Goal of the exercise:
Please tally the lines in the records that include the word "then" and answer with the bare number.

Records:
····················

lemma serre_E_tens:
  assumes "finsupp x" "finsupp y" "adjacent n i j"
    and "vadd (vsub (opE n i (opE n i (opE n j y)))
                    (vscale (vv + inverse vv) (opE n i (opE n j (opE n i y)))))
              (opE n j (opE n i (opE n i y))) = (\<lambda>_. 0)"
  shows "vadd (vsub (opE n i (opE n i (opE n j (tens x y))))
                    (vscale (vv + inverse vv) (opE n i (opE n j (opE n i (tens x y))))))
              (opE n j (opE n i (opE n i (tens x y)))) = (\<lambda>_. 0)"
proof -
  have adj: "adjacent n j i" using assms(3) by (rule adjacent_commute)
  have last: "opE n j (opE n i (opE n i y)) =
      vsub (vscale (vv + inverse vv) (opE n i (opE n j (opE n i y))))
        (opE n i (opE n i (opE n j y)))"
    using assms(4) by (rule eq_vsub_if_vadd_vsub_eq_0)
  show ?thesis
    using assms(1,2)
    by (simp add: opE_tens tens_expand vdiag_hwt_opE E1_E1_eq_0 E1_E1_E1_eq_0 last
        cartan_adjacent[OF assms(3)] cartan_adjacent[OF adj] vdiag_commute[of "hwt n j"])
      (rule list_fun_eqI; simp add: vec_op_defs power_int_minus;
        (use right_inverse[OF vv_neq_0] in algebra))
qed

lemma serre_F_tens:
  assumes "finsupp x" "finsupp y" "adjacent n i j"
    and "vadd (vsub (opF n i (opF n i (opF n j y)))
                    (vscale (vv + inverse vv) (opF n i (opF n j (opF n i y)))))
              (opF n j (opF n i (opF n i y))) = (\<lambda>_. 0)"
  shows "vadd (vsub (opF n i (opF n i (opF n j (tens x y))))
                    (vscale (vv + inverse vv) (opF n i (opF n j (opF n i (tens x y))))))
              (opF n j (opF n i (opF n i (tens x y)))) = (\<lambda>_. 0)"
proof -
  have adj: "adjacent n j i" using assms(3) by (rule adjacent_commute)
  have last: "opF n j (opF n i (opF n i y)) =
      vsub (vscale (vv + inverse vv) (opF n i (opF n j (opF n i y))))
        (opF n i (opF n i (opF n j y)))"
    using assms(4) by (rule eq_vsub_if_vadd_vsub_eq_0)
  show ?thesis
    using assms(1,2)
    by (simp add: opF_tens tens_expand vdiag_neg_hwt1_F1 F1_F1_eq_0 F1_F1_F1_eq_0 last
        cartan_adjacent[OF assms(3)] cartan_adjacent[OF adj] vdiag_commute[of "\<lambda>a. - hwt1 n j a"])
      (rule list_fun_eqI; simp add: vec_op_defs power_int_minus;
        (use right_inverse[OF vv_neq_0] in algebra))
qed

lemma opE_opF_eq_commutator:
  assumes "finsupp f"
  shows "opE n i (opF n i f) = vadd (opF n i (opE n i f))
      (vscale (inverse (vv - inverse vv)) (vsub (vdiag (hwt n i) f) (vdiag (\<lambda>u. - hwt n i u) f)))"
  using assms
  by (rule tensor_induct)
    (assumption | rule opE_opF_commutator_tens | intro fs_op_intros
      | simp add: opE_def opF_def vdiag_bas)+

lemma opE_opF_commute:
  assumes "finsupp f" "\<not> [i = j] (mod int n)"
  shows "opE n i (opF n j f) = opF n j (opE n i f)"
  using assms(1)
  by (rule tensor_induct)
    (assumption | rule opE_opF_commute_tens[OF _ _ assms(2)] | intro fs_op_intros
      | simp add: opE_def opF_def)+

lemma opE_opE_commute:
  assumes "finsupp f" "\<not> adjacent n i j" "\<not> [i = j] (mod int n)"
  shows "opE n i (opE n j f) = opE n j (opE n i f)"
  using assms(1)
  by (rule tensor_induct)
    (assumption | rule opE_opE_commute_tens[OF _ _ assms(2,3)] | intro fs_op_intros
      | simp add: opE_def)+

lemma opF_opF_commute:
  assumes "finsupp f" "\<not> adjacent n i j" "\<not> [i = j] (mod int n)"
  shows "opF n i (opF n j f) = opF n j (opF n i f)"
  using assms(1)
  by (rule tensor_induct)
    (assumption | rule opF_opF_commute_tens[OF _ _ assms(2,3)] | intro fs_op_intros
      | simp add: opF_def)+

lemma serre_E:
  assumes "finsupp f" "adjacent n i j"
  shows "vadd (vsub (opE n i (opE n i (opE n j f)))
                    (vscale (vv + inverse vv) (opE n i (opE n j (opE n i f)))))
              (opE n j (opE n i (opE n i f))) = (\<lambda>_. 0)"
  using assms(1)
  by (rule tensor_induct)
    (assumption | rule serre_E_tens[OF _ _ assms(2)] | intro fs_op_intros
      | simp add: opE_def vec_op_defs)+

lemma serre_F:
  assumes "finsupp f" "adjacent n i j"
  shows "vadd (vsub (opF n i (opF n i (opF n j f)))
                    (vscale (vv + inverse vv) (opF n i (opF n j (opF n i f)))))
              (opF n j (opF n i (opF n i f))) = (\<lambda>_. 0)"
  using assms(1)
  by (rule tensor_induct)
    (assumption | rule serre_F_tens[OF _ _ assms(2)] | intro fs_op_intros
      | simp add: opF_def vec_op_defs)+

lemma opE_opF_commutator:
  assumes "finsupp f"
  shows "vsub (opE n i (opF n i f)) (opF n i (opE n i f)) =
    vscale (inverse (vv - inverse vv))
      (vsub (opK n i (opKinv n (i + 1) f)) (opKinv n i (opK n (i + 1) f)))"
proof -
  have "opK n i (opKinv n (i + 1) f) = vdiag (hwt n i) f"
    and "opKinv n i (opK n (i + 1) f) = vdiag (\<lambda>u. - hwt n i u) f"
    using assms by (simp_all add: opK_eq_vdiag opKinv_eq_vdiag vdiag_vdiag hwt_def[abs_def])
  then show ?thesis
    using opE_opF_eq_commutator[OF assms] by (simp add: vec_op_defs)
qed

lemma opK_opE:
  "finsupp f \<Longrightarrow> opK n i (opE n j f) = vscale (vv powi epsp n i j) (opE n j (opK n i f))"
  by (simp add: opK_eq_vdiag vdiag_wt_opE epsp_eq_wt1_diff)

lemma opK_opF:
  "finsupp f \<Longrightarrow> opK n i (opF n j f) = vscale (vv powi (- epsp n i j)) (opF n j (opK n i f))"
  by (simp add: opK_eq_vdiag vdiag_wt_opF epsp_eq_wt1_diff)

end

section \<open>The extra relations of T\<close>

lemma opprod_Nil [simp]: "opprod [] f = f"
  by (simp add: opprod_def)

lemma opprod_Cons [simp]: "opprod (A # As) f = A (opprod As f)"
  by (simp add: opprod_def)

lemma opprod_opK:
  "finsupp f \<Longrightarrow> opprod (map (opK n) ks) f = vdiag (\<lambda>u. sum_list (map (\<lambda>k. wt n k u) ks)) f"
  by (induction ks) (simp_all add: opK_eq_vdiag vdiag_vdiag)

lemma opprod_opK_minus_powers:
  assumes "finsupp f"
  shows "opprod (map (\<lambda>j g. vsub (opK n i g) (vscale (vv ^ j) g)) js) f
     = (\<lambda>u. prod_list (map (\<lambda>j. vv powi wt n i u - vv ^ j) js) * f u)"
proof (induction js)
  case (Cons j js)
  let ?g = "\<lambda>u. prod_list (map (\<lambda>j. vv powi wt n i u - vv ^ j) js) * f u"
  have "opprod (map (\<lambda>j g. vsub (opK n i g) (vscale (vv ^ j) g)) (j # js)) f
      = vsub (vdiag (wt n i) ?g) (vscale (vv ^ j) ?g)"
    using assms by (simp add: Cons.IH opK_eq_vdiag)
  then show ?case by (simp add: vec_op_defs algebra_simps)
qed simp

lemma sum_wt1_residues:
  assumes "1 \<le> n"
  shows "sum_list (map (\<lambda>k. wt1 n k a) [1..int n]) = 1"
proof -
  define k0 where "k0 = (if a mod int n = 0 then int n else a mod int n)"
  have "0 \<le> a mod int n" "a mod int n < int n" using assms by simp_all
  then have k0: "k0 \<in> {1..int n}" "[k0 = a] (mod int n)"
    by (auto simp: k0_def cong_def)
  have "wt1 n k a = (if k = k0 then 1 else 0)" if k: "k \<in> {1..int n}" for k
  proof -
    have "[k = a] (mod int n) \<longleftrightarrow> [k = k0] (mod int n)"
      using k0(2) by (meson cong_sym cong_trans)
    moreover have "[k = k0] (mod int n) \<longleftrightarrow> k = k0"
      using k k0(1) cong_imp_eq_if_close[of k k0 "int n"] by auto
    ultimately show ?thesis by (simp add: wt1_def)
  qed
  then have "sum_list (map (\<lambda>k. wt1 n k a) [1..int n]) = (\<Sum>k\<in>{1..int n}. if k = k0 then 1 else 0)"
    by (simp add: sum_list_distinct_conv_sum_set)
  also have "\<dots> = 1" using k0(1) by simp
  finally show ?thesis .
qed

lemma sum_wt_residues:
  "1 \<le> n \<Longrightarrow> sum_list (map (\<lambda>k. wt n k u) [1..int n]) = int (length u)"
  by (induction u) (simp_all add: sum_list_addf sum_wt1_residues)

lemma Vr_finsupp: "f \<in> Vr r \<Longrightarrow> finsupp f"
  by (simp add: Vr_def finsupp_def)

lemma Vr_length: "f \<in> Vr r \<Longrightarrow> f u \<noteq> 0 \<Longrightarrow> length u = r"
  by (simp add: Vr_def)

····················

Response for this exercise:
6